Para peneliti menyediakan semua minuman dalam porsi 900 mililiter (ml), dan semuanya mengandung jumlah kalori yang sama.

Peserta mengunjungi kembali laboratorium setelah 24 dan 48 jam. Selama penelitian, partisipan diminta untuk melanjutkan pola makan dan gaya hidup biasa tetapi menghindari suplemen. Mereka juga diminta untuk tidak melakukan olahraga berat selama 48 jam sebelum penelitian.

Penilaian

Pada kunjungan 24 dan 48 jam, para ilmuwan melakukan berbagai penilaian. Pertama, mereka meminta peserta untuk menilai seberapa sakit otot mereka menggunakan skala dari 0 (tanpa nyeri otot) hingga 200 (nyeri seburuk mungkin).

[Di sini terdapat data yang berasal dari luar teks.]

lemma bij_betw_compose_permutes_disjoint:
  assumes disj: "I1 \<inter> I2 = {}" and fin: "finite I1"
  shows "bij_betw (\<lambda>(\<sigma>1, \<sigma>2). \<sigma>1 \<circ> \<sigma>2) ({\<sigma>. \<sigma> permutes I1} \<times> {\<sigma>. \<sigma> permutes I2})
           {\<sigma>. \<sigma> permutes (I1 \<union> I2) \<and> (\<forall>i\<in>I1. \<sigma> i \<in> I1)}"
proof (rule bij_betwI[where g = "\<lambda>\<sigma>. (restrict_id \<sigma> I1, restrict_id \<sigma> I2)"])
  show "(\<lambda>(\<sigma>1, \<sigma>2). \<sigma>1 \<circ> \<sigma>2) \<in> {\<sigma>. \<sigma> permutes I1} \<times> {\<sigma>. \<sigma> permutes I2}
      \<rightarrow> {\<sigma>. \<sigma> permutes (I1 \<union> I2) \<and> (\<forall>i\<in>I1. \<sigma> i \<in> I1)}"
  proof safe
    fix \<sigma>1 \<sigma>2 assume \<sigma>1: "\<sigma>1 permutes I1" and \<sigma>2: "\<sigma>2 permutes I2"
    show "\<sigma>1 \<circ> \<sigma>2 permutes (I1 \<union> I2)"
      using \<sigma>1 \<sigma>2 by (blast intro: permutes_compose permutes_subset)
    fix i assume "i \<in> I1"
    with disj \<sigma>1 \<sigma>2 show "(\<sigma>1 \<circ> \<sigma>2) i \<in> I1"
      by (auto simp: disjoint_iff permutes_not_in permutes_in_image)
  qed
  have invariant: "bij_betw \<sigma> I1 I1" "bij_betw \<sigma> I2 I2"
    if \<sigma>: "\<sigma> permutes (I1 \<union> I2)" and I1: "\<forall>i\<in>I1. \<sigma> i \<in> I1" for \<sigma>
  proof -
    have inj: "inj \<sigma>" using \<sigma> by (rule permutes_inj)
    have image1: "\<sigma> ` I1 = I1"
      using I1 inj by (intro endo_inj_surj[OF fin]) (auto simp: inj_on_def)
    have I2: "I2 = (I1 \<union> I2) - I1" using disj by blast
    then have "\<sigma> ` I2 = \<sigma> ` (I1 \<union> I2) - \<sigma> ` I1" using inj by (metis image_set_diff)
    also have "\<dots> = I2" using permutes_image[OF \<sigma>] image1 I2 by simp
    finally have "\<sigma> ` I2 = I2" .
    with image1 inj show "bij_betw \<sigma> I1 I1" "bij_betw \<sigma> I2 I2"
      by (auto simp: bij_betw_def inj_on_def)
  qed
  show "(\<lambda>\<sigma>. (restrict_id \<sigma> I1, restrict_id \<sigma> I2))
      \<in> {\<sigma>. \<sigma> permutes (I1 \<union> I2) \<and> (\<forall>i\<in>I1. \<sigma> i \<in> I1)}
      \<rightarrow> {\<sigma>. \<sigma> permutes I1} \<times> {\<sigma>. \<sigma> permutes I2}"
    using invariant by (auto intro: permutes_restrict_id)
  fix \<sigma> assume "\<sigma> \<in> {\<sigma>. \<sigma> permutes (I1 \<union> I2) \<and> (\<forall>i\<in>I1. \<sigma> i \<in> I1)}"
  then have \<sigma>: "\<sigma> permutes (I1 \<union> I2)" and I2: "bij_betw \<sigma> I2 I2" using invariant by auto
  show "(\<lambda>(\<sigma>1, \<sigma>2). \<sigma>1 \<circ> \<sigma>2) (restrict_id \<sigma> I1, restrict_id \<sigma> I2) = \<sigma>"
  proof
    fix x
    show "(\<lambda>(\<sigma>1, \<sigma>2). \<sigma>1 \<circ> \<sigma>2) (restrict_id \<sigma> I1, restrict_id \<sigma> I2) x = \<sigma> x"
    proof (cases "x \<in> I2")
      case True
      then have "\<sigma> x \<notin> I1" using I2 disj by (auto simp: bij_betw_def)
      with True show ?thesis by simp
    qed (use permutes_not_in[OF \<sigma>, of x] in \<open>auto simp: restrict_id_def\<close>)
  qed
next
  fix \<sigma>12 assume "\<sigma>12 \<in> {\<sigma>. \<sigma> permutes I1} \<times> {\<sigma>. \<sigma> permutes I2}"
  then obtain \<sigma>1 \<sigma>2 where \<sigma>12: "\<sigma>12 = (\<sigma>1, \<sigma>2)"
    and \<sigma>1: "\<sigma>1 permutes I1" and \<sigma>2: "\<sigma>2 permutes I2"
    by auto
  have "\<sigma>2 x = x" if "x \<in> I1" for x
    using that disj \<sigma>2 by (meson disjoint_iff permutes_not_in)
  moreover have "\<sigma>1 (\<sigma>2 x) = \<sigma>2 x" if "x \<in> I2" for x
    using that disj \<sigma>1 \<sigma>2 by (meson disjoint_iff permutes_in_image permutes_not_in)
  ultimately have "restrict_id (\<sigma>1 \<circ> \<sigma>2) I1 = \<sigma>1" "restrict_id (\<sigma>1 \<circ> \<sigma>2) I2 = \<sigma>2"
    using \<sigma>1 \<sigma>2 by (auto simp: fun_eq_iff restrict_id_def permutes_not_in)
  then show "(\<lambda>\<sigma>. (restrict_id \<sigma> I1, restrict_id \<sigma> I2)) ((\<lambda>(\<sigma>1, \<sigma>2). \<sigma>1 \<circ> \<sigma>2) \<sigma>12)
      = \<sigma>12"
    by (simp add: \<sigma>12)
qed

lemma det_on_block_lower_triangular:
  assumes fin1: "finite I1" and fin2: "finite I2" and disj: "I1 \<inter> I2 = {}"
    and zero: "\<And>i j. i \<in> I1 \<Longrightarrow> j \<in> I2 \<Longrightarrow> M i j = 0"
  shows "det_on (I1 \<union> I2) M = det_on I1 M * det_on I2 M"
proof -
  let ?K = "{\<sigma>. \<sigma> permutes (I1 \<union> I2) \<and> (\<forall>i\<in>I1. \<sigma> i \<in> I1)}"
  let ?P = "\<lambda>I. {\<sigma>. \<sigma> permutes I}"
  let ?term = "\<lambda>I \<sigma>. of_int (sign \<sigma>) * (\<Prod>i\<in>I. M i (\<sigma> i))"
  have "det_on (I1 \<union> I2) M = sum (?term (I1 \<union> I2)) ?K"
    unfolding det_on_def
  proof (rule sum.mono_neutral_right)
    show "finite (?P (I1 \<union> I2))" using fin1 fin2 by (simp add: finite_permutations)
    show "\<forall>\<sigma>\<in>?P (I1 \<union> I2) - ?K. ?term (I1 \<union> I2) \<sigma> = 0"
    proof
      fix \<sigma> assume "\<sigma> \<in> ?P (I1 \<union> I2) - ?K"
      then obtain i where \<sigma>: "\<sigma> permutes (I1 \<union> I2)" and i: "i \<in> I1" "\<sigma> i \<notin> I1" by auto
      then have "M i (\<sigma> i) = 0" using zero permutes_in_image[OF \<sigma>, of i] by auto
      then have "(\<Prod>i\<in>I1 \<union> I2. M i (\<sigma> i)) = 0"
        using fin1 fin2 i by (intro prod_zero) (auto intro!: bexI[of _ i])
      then show "?term (I1 \<union> I2) \<sigma> = 0" by simp
    qed
  qed auto
  also have "\<dots> = (\<Sum>\<sigma>12\<in>?P I1 \<times> ?P I2. ?term (I1 \<union> I2) ((\<lambda>(\<sigma>1, \<sigma>2). \<sigma>1 \<circ> \<sigma>2) \<sigma>12))"
    by (rule sum.reindex_bij_betw[OF bij_betw_compose_permutes_disjoint[OF disj fin1], symmetric])
  also have "\<dots> = (\<Sum>(\<sigma>1, \<sigma>2)\<in>?P I1 \<times> ?P I2. ?term I1 \<sigma>1 * ?term I2 \<sigma>2)"
  proof (rule sum.cong, simp, clarsimp)
    fix \<sigma>1 \<sigma>2 assume \<sigma>1: "\<sigma>1 permutes I1" and \<sigma>2: "\<sigma>2 permutes I2"
    have fix1: "\<sigma>2 i = i" if "i \<in> I1" for i
      using that disj \<sigma>2 by (meson disjoint_iff permutes_not_in)
    have fix2: "\<sigma>1 (\<sigma>2 i) = \<sigma>2 i" if "i \<in> I2" for i
      using that disj \<sigma>1 \<sigma>2 by (meson disjoint_iff permutes_in_image permutes_not_in)
    have "sign (\<sigma>1 \<circ> \<sigma>2) = sign \<sigma>1 * sign \<sigma>2"
      using \<sigma>1 \<sigma>2 fin1 fin2 by (intro sign_compose) (auto intro: permutes_imp_permutation)
    moreover have "(\<Prod>i\<in>I1 \<union> I2. M i (\<sigma>1 (\<sigma>2 i))) = (\<Prod>i\<in>I1. M i (\<sigma>1 i)) * (\<Prod>i\<in>I2. M i (\<sigma>2 i))"
      using fin1 fin2 disj by (simp add: prod.union_disjoint fix1 fix2 cong: prod.cong)
    ultimately show "of_int (sign (\<sigma>1 \<circ> \<sigma>2)) * (\<Prod>i\<in>I1 \<union> I2. M i (\<sigma>1 (\<sigma>2 i)))
        = of_int (sign \<sigma>1) * (\<Prod>i\<in>I1. M i (\<sigma>1 i)) * (of_int (sign \<sigma>2) * (\<Prod>i\<in>I2. M i (\<sigma>2 i)))"
      by (simp add: mult_ac)
  qed
  also have "\<dots> = det_on I1 M * det_on I2 M"
    unfolding det_on_def by (simp add: sum_product sum.cartesian_product)
  finally show ?thesis .
qed
(* Let $G$ be a finite abelian group and $M$ a (small) category. Then the category $\mathrm{Fun}(M,\mathrm{Vect}_{\hat G})$ of all functors $M\to\mathrm{Vect}_{\hat G}$, with natural transformations as morphisms, is proto-abelian. If $M$ is finite (finitely many objects and finitely many morphisms), then $\mathrm{Fun}(M,\mathrm{Vect}_{\hat G})$ is finitary.
   Context: $\hat G=G\sqcup\{0\}$ with $0$ absorbing. $\mathrm{Vect}_{\hat G}$ has as objects finite pointed sets $(V,0_V)$ with an action of the monoid $\hat G$ ($0v=0_V$, $g0_V=0_V$) such that $G$ acts freely on $V\setminus\{0_V\}$; morphisms $f:V\to W$ satisfy $f(0_V)=0_W$, $f(gv)=gf(v)$, and $f(v_1)=f(v_2)\neq0_W\Rightarrow Gv_1=Gv_2$. A category with zero object and classes $\mathfrak M,\mathfrak E$ is proto-exact if: $0\to X\in\mathfrak M$, $X\to0\in\mathfrak E$; $\mathfrak M,\mathfrak E$ contain isomorphisms and are closed under composition; a commutative square with two parallel maps in $\mathfrak M$ and the other two in $\mathfrak E$ is a pullback iff it is a pushout; any cospan $X'\hookrightarrow Y'\twoheadleftarrow Y$ (mono in $\mathfrak M$, epi in $\mathfrak E$) and any span $X'\twoheadleftarrow X\hookrightarrow Y$ can be completed to such a bi-Cartesian square. Proto-abelian: $\mathfrak M$ = all monomorphisms, $\mathfrak E$ = all epimorphisms. Finitary: all Hom-sets and all $\mathrm{Ext}$-sets (equivalence classes of admissible short exact sequences $A\hookrightarrow B\twoheadrightarrow C$, i.e. bi-Cartesian squares with $0$ in the corner, modulo isomorphisms of the middle term compatible with the maps) are finite. *)

theory Defs
  imports "HOL-Algebra.Group" "HOL-Library.FuncSet"
begin

record ('o,'m) catg =
  cObj  :: "'o set"
  cMor  :: "'m set"
  cDom  :: "'m \<Rightarrow> 'o"
  cCod  :: "'m \<Rightarrow> 'o"
  cComp :: "'m \<Rightarrow> 'm \<Rightarrow> 'm"   (* cComp C g f = g \<circ> f *)
  cId   :: "'o \<Rightarrow> 'm"

definition hom :: "('o,'m) catg \<Rightarrow> 'o \<Rightarrow> 'o \<Rightarrow> 'm set" where
  "hom C X Y = {f \<in> cMor C. cDom C f = X \<and> cCod C f = Y}"

definition is_category :: "('o,'m) catg \<Rightarrow> bool" where
  "is_category C \<longleftrightarrow>
     (\<forall>f\<in>cMor C. cDom C f \<in> cObj C \<and> cCod C f \<in> cObj C) \<and>
     (\<forall>X\<in>cObj C. cId C X \<in> hom C X X) \<and>
     (\<forall>f\<in>cMor C. \<forall>g\<in>cMor C. cCod C f = cDom C g \<longrightarrow>
          cComp C g f \<in> hom C (cDom C f) (cCod C g)) \<and>
     (\<forall>f\<in>cMor C. cComp C f (cId C (cDom C f)) = f \<and> cComp C (cId C (cCod C f)) f = f) \<and>
     (\<forall>f\<in>cMor C. \<forall>g\<in>cMor C. \<forall>h\<in>cMor C. cCod C f = cDom C g \<and> cCod C g = cDom C h \<longrightarrow>
          cComp C h (cComp C g f) = cComp C (cComp C h g) f)"

definition mono :: "('o,'m) catg \<Rightarrow> 'm \<Rightarrow> bool" where
  "mono C f \<longleftrightarrow> f \<in> cMor C \<and>
     (\<forall>g\<in>cMor C. \<forall>h\<in>cMor C. cCod C g = cDom C f \<and> cCod C h = cDom C f \<and>
        cDom C g = cDom C h \<and> cComp C f g = cComp C f h \<longrightarrow> g = h)"

definition epi :: "('o,'m) catg \<Rightarrow> 'm \<Rightarrow> bool" where
  "epi C f \<longleftrightarrow> f \<in> cMor C \<and>
     (\<forall>g\<in>cMor C. \<forall>h\<in>cMor C. cDom C g = cCod C f \<and> cDom C h = cCod C f \<and>
        cCod C g = cCod C h \<and> cComp C g f = cComp C h f \<longrightarrow> g = h)"

definition iso :: "('o,'m) catg \<Rightarrow> 'm \<Rightarrow> bool" where
  "iso C f \<longleftrightarrow> f \<in> cMor C \<and>
     (\<exists>g\<in>hom C (cCod C f) (cDom C f).
        cComp C g f = cId C (cDom C f) \<and> cComp C f g = cId C (cCod C f))"

definition zero_obj :: "('o,'m) catg \<Rightarrow> 'o \<Rightarrow> bool" where
  "zero_obj C Z \<longleftrightarrow> Z \<in> cObj C \<and>
     (\<forall>X\<in>cObj C. (\<exists>!f. f \<in> hom C X Z) \<and> (\<exists>!f. f \<in> hom C Z X))"

text \<open>Squares are written
   A --i--> B
   |j       |k
   C --l--> D \<close>

definition comm_square :: "('o,'m) catg \<Rightarrow> 'm \<Rightarrow> 'm \<Rightarrow> 'm \<Rightarrow> 'm \<Rightarrow> bool" where
  "comm_square C i j k l \<longleftrightarrow> i \<in> cMor C \<and> j \<in> cMor C \<and> k \<in> cMor C \<and> l \<in> cMor C \<and>
     cDom C i = cDom C j \<and> cCod C i = cDom C k \<and> cCod C j = cDom C l \<and> cCod C k = cCod C l \<and>
     cComp C k i = cComp C l j"

definition is_pullback :: "('o,'m) catg \<Rightarrow> 'm \<Rightarrow> 'm \<Rightarrow> 'm \<Rightarrow> 'm \<Rightarrow> bool" where
  "is_pullback C i j k l \<longleftrightarrow> comm_square C i j k l \<and>
     (\<forall>p\<in>cMor C. \<forall>q\<in>cMor C. cDom C p = cDom C q \<and> cCod C p = cDom C k \<and> cCod C q = cDom C l \<and>
        cComp C k p = cComp C l q \<longrightarrow>
        (\<exists>!u. u \<in> hom C (cDom C p) (cDom C i) \<and> cComp C i u = p \<and> cComp C j u = q))"

definition is_pushout :: "('o,'m) catg \<Rightarrow> 'm \<Rightarrow> 'm \<Rightarrow> 'm \<Rightarrow> 'm \<Rightarrow> bool" where
  "is_pushout C i j k l \<longleftrightarrow> comm_square C i j k l \<and>
     (\<forall>p\<in>cMor C. \<forall>q\<in>cMor C. cDom C p = cCod C i \<and> cDom C q = cCod C j \<and> cCod C p = cCod C q \<and>
        cComp C p i = cComp C q j \<longrightarrow>
        (\<exists>!u. u \<in> hom C (cCod C k) (cCod C p) \<and> cComp C u k = p \<and> cComp C u l = q))"

definition bicartesian :: "('o,'m) catg \<Rightarrow> 'm \<Rightarrow> 'm \<Rightarrow> 'm \<Rightarrow> 'm \<Rightarrow> bool" where
  "bicartesian C i j k l \<longleftrightarrow> is_pullback C i j k l \<and> is_pushout C i j k l"

definition proto_exact :: "('o,'m) catg \<Rightarrow> ('m \<Rightarrow> bool) \<Rightarrow> ('m \<Rightarrow> bool) \<Rightarrow> bool" where
  "proto_exact C MM EE \<longleftrightarrow>
     is_category C \<and> (\<exists>Z. zero_obj C Z) \<and>
     (\<forall>f. MM f \<longrightarrow> mono C f) \<and> (\<forall>f. EE f \<longrightarrow> epi C f) \<and>
     (\<forall>Z X f. zero_obj C Z \<and> X \<in> cObj C \<and> f \<in> hom C Z X \<longrightarrow> MM f) \<and>
     (\<forall>Z X f. zero_obj C Z \<and> X \<in> cObj C \<and> f \<in> hom C X Z \<longrightarrow> EE f) \<and>
     (\<forall>f. iso C f \<longrightarrow> MM f \<and> EE f) \<and>
     (\<forall>f g. MM f \<and> MM g \<and> cCod C f = cDom C g \<longrightarrow> MM (cComp C g f)) \<and>
     (\<forall>f g. EE f \<and> EE g \<and> cCod C f = cDom C g \<longrightarrow> EE (cComp C g f)) \<and>
     (\<forall>i j k l. comm_square C i j k l \<and> MM i \<and> MM l \<and> EE j \<and> EE k \<longrightarrow>
        (is_pullback C i j k l \<longleftrightarrow> is_pushout C i j k l)) \<and>
     (\<forall>k l. MM l \<and> EE k \<and> cCod C k = cCod C l \<longrightarrow>
        (\<exists>i j. MM i \<and> EE j \<and> bicartesian C i j k l)) \<and>
     (\<forall>i j. MM i \<and> EE j \<and> cDom C i = cDom C j \<longrightarrow>
        (\<exists>k l. EE k \<and> MM l \<and> bicartesian C i j k l))"

definition proto_abelian :: "('o,'m) catg \<Rightarrow> bool" where
  "proto_abelian C \<longleftrightarrow> proto_exact C (mono C) (epi C)"

text \<open>Admissible short exact sequences A >-i-> B -p->> Cc: bi-Cartesian squares
  with a zero object in the corner.\<close>

definition ses :: "('o,'m) catg \<Rightarrow> ('m \<Rightarrow> bool) \<Rightarrow> ('m \<Rightarrow> bool) \<Rightarrow> 'o \<Rightarrow> 'o \<Rightarrow> ('m \<times> 'm) set" where
  "ses C MM EE A Cc = {(i, p). MM i \<and> EE p \<and> cDom C i = A \<and> cCod C p = Cc \<and>
      (\<exists>Z z1 z2. zero_obj C Z \<and> z1 \<in> hom C A Z \<and> z2 \<in> hom C Z Cc \<and>
                 bicartesian C i z1 p z2)}"

definition ses_equiv :: "('o,'m) catg \<Rightarrow> 'm \<times> 'm \<Rightarrow> 'm \<times> 'm \<Rightarrow> bool" where
  "ses_equiv C s s' \<longleftrightarrow> (\<exists>\<phi>. iso C \<phi> \<and> \<phi> \<in> hom C (cCod C (fst s)) (cCod C (fst s')) \<and>
      cComp C \<phi> (fst s) = fst s' \<and> cComp C (snd s') \<phi> = snd s)"

definition Ext :: "('o,'m) catg \<Rightarrow> ('m \<Rightarrow> bool) \<Rightarrow> ('m \<Rightarrow> bool) \<Rightarrow> 'o \<Rightarrow> 'o \<Rightarrow> ('m \<times> 'm) set set" where
  "Ext C MM EE Cc A = {{s' \<in> ses C MM EE A Cc. ses_equiv C s s'} | s. s \<in> ses C MM EE A Cc}"

definition finitary :: "('o,'m) catg \<Rightarrow> ('m \<Rightarrow> bool) \<Rightarrow> ('m \<Rightarrow> bool) \<Rightarrow> bool" where
  "finitary C MM EE \<longleftrightarrow>
     (\<forall>X\<in>cObj C. \<forall>Y\<in>cObj C. finite (hom C X Y)) \<and>
     (\<forall>A\<in>cObj C. \<forall>Cc\<in>cObj C. finite (Ext C MM EE Cc A))"

section \<open>The category Vect over \<hat>G (pointed finite sets, carried by subsets of nat)\<close>

text \<open>An object: a finite pointed set with an action of G; the absorbing element 0 of
  \<hat>G acts as the constant map to the base point, so only the G-action is recorded.\<close>

record 'g vobj =
  vcar :: "nat set"
  vpt  :: nat
  vact :: "'g \<Rightarrow> nat \<Rightarrow> nat"

definition vect_obj :: "('g,'b) monoid_scheme \<Rightarrow> 'g vobj \<Rightarrow> bool" where
  "vect_obj G V \<longleftrightarrow>
     finite (vcar V) \<and> vpt V \<in> vcar V \<and>
     vact V \<in> extensional (carrier G) \<and>
     (\<forall>g\<in>carrier G. vact V g \<in> vcar V \<rightarrow> vcar V \<and> vact V g \<in> extensional (vcar V)) \<and>
     (\<forall>v\<in>vcar V. vact V \<one>\<^bsub>G\<^esub> v = v) \<and>
     (\<forall>g\<in>carrier G. \<forall>h\<in>carrier G. \<forall>v\<in>vcar V. vact V (g \<otimes>\<^bsub>G\<^esub> h) v = vact V g (vact V h v)) \<and>
     (\<forall>g\<in>carrier G. vact V g (vpt V) = vpt V) \<and>
     (\<forall>g\<in>carrier G. \<forall>v\<in>vcar V - {vpt V}. vact V g v = v \<longrightarrow> g = \<one>\<^bsub>G\<^esub>)"

definition vect_mor :: "('g,'b) monoid_scheme \<Rightarrow> 'g vobj \<Rightarrow> 'g vobj \<Rightarrow> (nat \<Rightarrow> nat) \<Rightarrow> bool" where
  "vect_mor G V W f \<longleftrightarrow>
     f \<in> vcar V \<rightarrow> vcar W \<and> f \<in> extensional (vcar V) \<and>
     f (vpt V) = vpt W \<and>
     (\<forall>g\<in>carrier G. \<forall>v\<in>vcar V. f (vact V g v) = vact W g (f v)) \<and>
     (\<forall>v1\<in>vcar V. \<forall>v2\<in>vcar V. f v1 = f v2 \<and> f v1 \<noteq> vpt W \<longrightarrow>
        (\<exists>g\<in>carrier G. vact V g v1 = v2))"

type_synonym ('o,'a,'g) vfun = "('o \<Rightarrow> 'g vobj) \<times> ('a \<Rightarrow> nat \<Rightarrow> nat)"
type_synonym ('o,'a,'g) vnat = "('o,'a,'g) vfun \<times> ('o,'a,'g) vfun \<times> ('o \<Rightarrow> nat \<Rightarrow> nat)"

definition is_vfunctor :: "('g,'b) monoid_scheme \<Rightarrow> ('o,'a) catg \<Rightarrow> ('o,'a,'g) vfun \<Rightarrow> bool" where
  "is_vfunctor G M F \<longleftrightarrow>
     fst F \<in> extensional (cObj M) \<and> snd F \<in> extensional (cMor M) \<and>
     (\<forall>x\<in>cObj M. vect_obj G (fst F x)) \<and>
     (\<forall>f\<in>cMor M. vect_mor G (fst F (cDom M f)) (fst F (cCod M f)) (snd F f)) \<and>
     (\<forall>x\<in>cObj M. snd F (cId M x) = (\<lambda>v\<in>vcar (fst F x). v)) \<and>
     (\<forall>f\<in>cMor M. \<forall>g\<in>cMor M. cCod M f = cDom M g \<longrightarrow>
        snd F (cComp M g f) = compose (vcar (fst F (cDom M f))) (snd F g) (snd F f))"

definition is_vnat :: "('g,'b) monoid_scheme \<Rightarrow> ('o,'a) catg \<Rightarrow> ('o,'a,'g) vnat \<Rightarrow> bool" where
  "is_vnat G M t \<longleftrightarrow>
     (case t of (F, H, \<eta>) \<Rightarrow>
       is_vfunctor G M F \<and> is_vfunctor G M H \<and> \<eta> \<in> extensional (cObj M) \<and>
       (\<forall>x\<in>cObj M. vect_mor G (fst F x) (fst H x) (\<eta> x)) \<and>
       (\<forall>f\<in>cMor M. compose (vcar (fst F (cDom M f))) (\<eta> (cCod M f)) (snd F f)
                    = compose (vcar (fst F (cDom M f))) (snd H f) (\<eta> (cDom M f))))"

definition FunVect :: "('g,'b) monoid_scheme \<Rightarrow> ('o,'a) catg \<Rightarrow> (('o,'a,'g) vfun, ('o,'a,'g) vnat) catg" where
  "FunVect G M =
     \<lparr> cObj = {F. is_vfunctor G M F},
       cMor = {t. is_vnat G M t},
       cDom = (\<lambda>t. fst t),
       cCod = (\<lambda>t. fst (snd t)),
       cComp = (\<lambda>s t. (fst t, fst (snd s),
                  \<lambda>x\<in>cObj M. compose (vcar (fst (fst t) x)) (snd (snd s) x) (snd (snd t) x))),
       cId = (\<lambda>F. (F, F, \<lambda>x\<in>cObj M. (\<lambda>v\<in>vcar (fst F x). v))) \<rparr>"

end

theory Submission
  imports Defs
begin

Mereka juga menggunakan tes kekuatan kaki yang disebut countermovement jump. Dalam kegiatan ini, para ilmuwan mengukur seberapa tinggi peserta bisa melompat langsung dari posisi berjongkok.

Selanjutnya, peneliti menguji kekuatan tubuh bagian atas partisipan dengan meminta mereka untuk melempar bola obat dari posisi duduk. Setiap peserta melempar bola seberat 3 kilogram, dan para ilmuwan mencatat jaraknya.

Terakhir, mereka mengukur torsi puncak kaki dominan peserta. Torsi adalah ukuran gaya rotasi.

Tidak ada temuan

Seperti yang diharapkan, skor nyeri lebih tinggi pada 24 dan 48 jam dibandingkan dengan baseline. Namun, tidak ada perbedaan antara ketiga kelompok eksperimen pada 24 atau 48 jam.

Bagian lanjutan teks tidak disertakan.